The demo consists of one level, and as Grayson Hunt and crew make it to the end they have to kill with skill. Instead of playing out like a standard FPS where you’re solely focused on getting from A to B, Bulletstorm is more interested in you killing enemies in creative ways and giving you more points for doing so; it’s more about getting a high score, then reaching the end of a level. I can tell that the leaderboards will be one of the more interesting aspects to Bulletstorm and will keep players coming back. There will be a story mode, and while I assume from the demo that the story will be over-the-top zany and provide an entertaining experience, what draws me towards Bulletstorm is the potential competition between friends, and if there were to be a challenge room type mode where you play individual levels, attempting only to best your friends’ scores, that would be very appealing.

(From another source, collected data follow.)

lemma Omega_F_coset_L_coset_disjoint:
  assumes "X \<in> F_cosets" "Y \<in> L_cosets" "u \<in> Omega X" "u \<in> Y"
  shows False
proof -
  obtain d where d: "d \<in> Dcode" "X = transl Fgolay d" using assms(1) unfolding F_cosets_def by blast
  obtain w where w: "w \<in> Nset" "Y = transl Lcode w" using assms(2) unfolding L_cosets_def by blast
  obtain f where f: "f \<in> Fgolay" "hdist u (wadd f d) = 1" and lu: "length u = 24"
    using assms(3) d(2) unfolding Omega_def transl_def words_def by blast
  obtain l where l: "l \<in> Lcode" "u = wadd l w" using assms(4) w(2) unfolding transl_def by blast
  have xD: "wadd f d \<in> Dcode" using f d F_sub_D D_closed by auto
  have "odd_blocks (wadd (wadd l (wadd f d)) w)"
    by (rule odd_blocks_add[OF even_blocks_add[OF L_even_blocks[OF l(1)] D_even_blocks[OF xD]] N_odd_blocks[OF w(1)]])
  moreover have "wadd (wadd l (wadd f d)) w = wadd u (wadd f d)"
    unfolding l(2) by (simp add: wadd_assoc wadd_comm[of w])
  ultimately have "3 \<le> wt (wadd u (wadd f d))" using odd_blocks_wt by simp
  moreover have "wt (wadd u (wadd f d)) = 1" using f lu D_len[OF xD] by (simp add: hdist_wt)
  ultimately show False by simp
qed

lemma card_Int_UN_disjoint:
  assumes "finite I" "finite N"
    and disj: "\<And>i j u. i \<in> I \<Longrightarrow> j \<in> I \<Longrightarrow> u \<in> X i \<Longrightarrow> u \<in> X j \<Longrightarrow> i = j"
    and count: "\<And>i. i \<in> I \<Longrightarrow> card (N \<inter> X i) = b + (if v \<in> X i then a else 0)"
  shows "card (N \<inter> (\<Union>i\<in>I. X i)) = b * card I + (if v \<in> (\<Union>i\<in>I. X i) then a else 0)"
proof -
  have split: "N \<inter> (\<Union>i\<in>I. X i) = (\<Union>i\<in>I. N \<inter> X i)" by blast
  have "\<forall>i\<in>I. finite (N \<inter> X i)" using assms(2) by simp
  moreover have "\<forall>i\<in>I. \<forall>j\<in>I. i \<noteq> j \<longrightarrow> (N \<inter> X i) \<inter> (N \<inter> X j) = {}" using disj by blast
  ultimately have "card (\<Union>i\<in>I. N \<inter> X i) = (\<Sum>i\<in>I. card (N \<inter> X i))"
    by (rule card_UN_disjoint[OF assms(1)])
  also have "\<dots> = (\<Sum>i\<in>I. b + (if v \<in> X i then a else 0))" using count by simp
  also have "\<dots> = b * card I + a * card {i \<in> I. v \<in> X i}"
    using assms(1) by (simp add: sum.distrib sum.inter_filter[symmetric] mult.commute)
  also have "card {i \<in> I. v \<in> X i} = (if v \<in> (\<Union>i\<in>I. X i) then 1 else 0)"
  proof (cases "v \<in> (\<Union>i\<in>I. X i)")
    case True
    then obtain i0 where "i0 \<in> I" "v \<in> X i0" by blast
    then have "{i \<in> I. v \<in> X i} = {i0}" using disj by blast
    then show ?thesis using True by simp
  next
    case False
    then have "{i \<in> I. v \<in> X i} = {}" by blast
    then have "card {i \<in> I. v \<in> X i} = 0" by (simp only: card.empty)
    then show ?thesis using False by simp
  qed
  finally show ?thesis unfolding split by simp
qed

lemma nbhd_colour_count:
  assumes v: "v \<in> HV" and S: "S \<subseteq> F_cosets" "finite S" and T: "T \<subseteq> L_cosets" "finite T"
  defines "C \<equiv> (\<Union>X\<in>S. Omega X) \<union> \<Union>T"
  shows "card (nbhd v \<inter> C) = 3 * card S + 8 * card T + (if v \<in> C then 20 else 0)"
proof -
  have finN: "finite (nbhd v)" using finite_HV by (simp add: nbhd_def)
  have cS: "card (nbhd v \<inter> (\<Union>X\<in>S. Omega X)) = 3 * card S + (if v \<in> (\<Union>X\<in>S. Omega X) then 20 else 0)"
    by (rule card_Int_UN_disjoint[OF S(2) finN])
      (use S(1) Omega_F_cosets_disjoint nbhd_Omega_F_coset[OF v] in blast)+
  have cT: "card (nbhd v \<inter> (\<Union>Y\<in>T. Y)) = 8 * card T + (if v \<in> (\<Union>Y\<in>T. Y) then 20 else 0)"
    by (rule card_Int_UN_disjoint[OF T(2) finN])
      (use T(1) L_cosets_disjoint nbhd_L_coset[OF v] in blast)+
  have disj: "(\<Union>X\<in>S. Omega X) \<inter> \<Union>T = {}"
    using S(1) T(1) Omega_F_coset_L_coset_disjoint by blast
  have "card (nbhd v \<inter> C) = card (nbhd v \<inter> (\<Union>X\<in>S. Omega X)) + card (nbhd v \<inter> \<Union>T)"
    unfolding C_def Int_Un_distrib by (rule card_Un_disjoint) (use finN disj in auto)
  then show ?thesis using cS cT disj unfolding C_def by auto
qed

lemma perfect_coloring_by_counts:
  assumes "finite V"
    and deg: "\<And>v. v \<in> V \<Longrightarrow> card {u \<in> V. E v u} = r"
    and count: "\<And>v. v \<in> V \<Longrightarrow> card {u \<in> V. E v u \<and> u \<in> C} = m + (if v \<in> C then a else 0)"
  shows "perfect_coloring V E C (m + a) (r - (m + a)) m (r - m)"
proof -
  have out: "card {u \<in> V. E v u \<and> u \<notin> C} = r - card {u \<in> V. E v u \<and> u \<in> C}" if "v \<in> V" for v
  proof -
    have "{u \<in> V. E v u \<and> u \<notin> C} = {u \<in> V. E v u} - {u \<in> V. E v u \<and> u \<in> C}" by blast
    moreover have "finite {u \<in> V. E v u \<and> u \<in> C}" using assms(1) by simp
    ultimately show ?thesis using deg[OF that] by (simp add: card_Diff_subset subset_iff)
  qed
  show ?thesis unfolding perfect_coloring_def using count out by auto
qed

theorem lemma6:
  fixes i j :: nat and S T :: "bool list set set"
  assumes "i \<le> 64" and "j \<le> 8" and "0 < i + j" and "i + j < 72"
    and "S \<subseteq> F_cosets" and "card S = i"
    and "T \<subseteq> L_cosets" and "card T = j"
  shows "perfect_coloring HV Hadj ((\<Union>X\<in>S. Omega X) \<union> \<Union>T)
           (20 + 3*i + 8*j) (256 - 3*i - 8*j) (3*i + 8*j) (276 - 3*i - 8*j)"
proof -
  let ?C = "(\<Union>X\<in>S. Omega X) \<union> \<Union>T"
  have "finite S" "finite T" using assms(5,7) finite_cosets finite_subset by auto
  have "perfect_coloring HV Hadj ?C (3*i + 8*j + 20) (276 - (3*i + 8*j + 20)) (3*i + 8*j) (276 - (3*i + 8*j))"
  proof (rule perfect_coloring_by_counts[OF finite_HV])
    show "card {u \<in> HV. Hadj v u} = 276" if "v \<in> HV" for v
      using card_nbhd[OF that] by (simp add: nbhd_def)
    show "card {u \<in> HV. Hadj v u \<and> u \<in> ?C} = 3*i + 8*j + (if v \<in> ?C then 20 else 0)" if "v \<in> HV" for v
      using nbhd_colour_count[OF that assms(5) \<open>finite S\<close> assms(7) \<open>finite T\<close>] assms(6,8)
      by (simp add: nbhd_Int)
  qed
  moreover have "20 + 3*i + 8*j = 3*i + 8*j + 20" "256 - 3*i - 8*j = 276 - (3*i + 8*j + 20)"
    "276 - 3*i - 8*j = 276 - (3*i + 8*j)" by arith+
  ultimately show ?thesis by (simp only:)
qed

end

There are only three side arms in the demo, but they are all extremely deadly, and that’s before taking advantage of their alternate fires, producing even more gruesome results. Besides the standard weapons, Grayson Hunt also has a whip-like item that grabs enemies and jolts them towards you, with time slowing down when they’re right in front of you. It’s very easy to utilize and I used it as a beginner to combos. Afterwards, I’d kick the enemy away and unload on them, headshots on their flailing bodies, ripping their bodies apart with explosives, or by just shooting them into some dastardly part of the environment.
The demo took place in a destroyed city full of rubble and debris, which leads me to believe Bulletstorm will take place in war-torn environments. The environment in the demo was quite drab, but the game as a whole looks to be brighter than the Gears of Wars games, a complaint of mine towards them. Bulletstorm will be a very vulgar game, the violence is ridiculous, and the profanity is profound, with the demo combining profanities for interesting results, for example, at the end of the demo Grayson Hunt called me dick-tits and suggested that the game wasn’t going to pre-order itself; yet it’s easy to not take offense at the game’s vulgarity, Bulletstorm is crude, but the tone of everything is humorous and cheeky.
I’d stayed in the dark about Bulletstorm up until now; it didn’t interest me at first glance but after playing the demo I can see that Bulletstorm is a quality game with a unique combination of gameplay mechanics that provide for an enjoyable time. The story looks to be a dumb, over-the-top, fun time, and I’m sure the multiplayer will be seriously good, but the real draw for me will be the competition between friends on the leaderboards.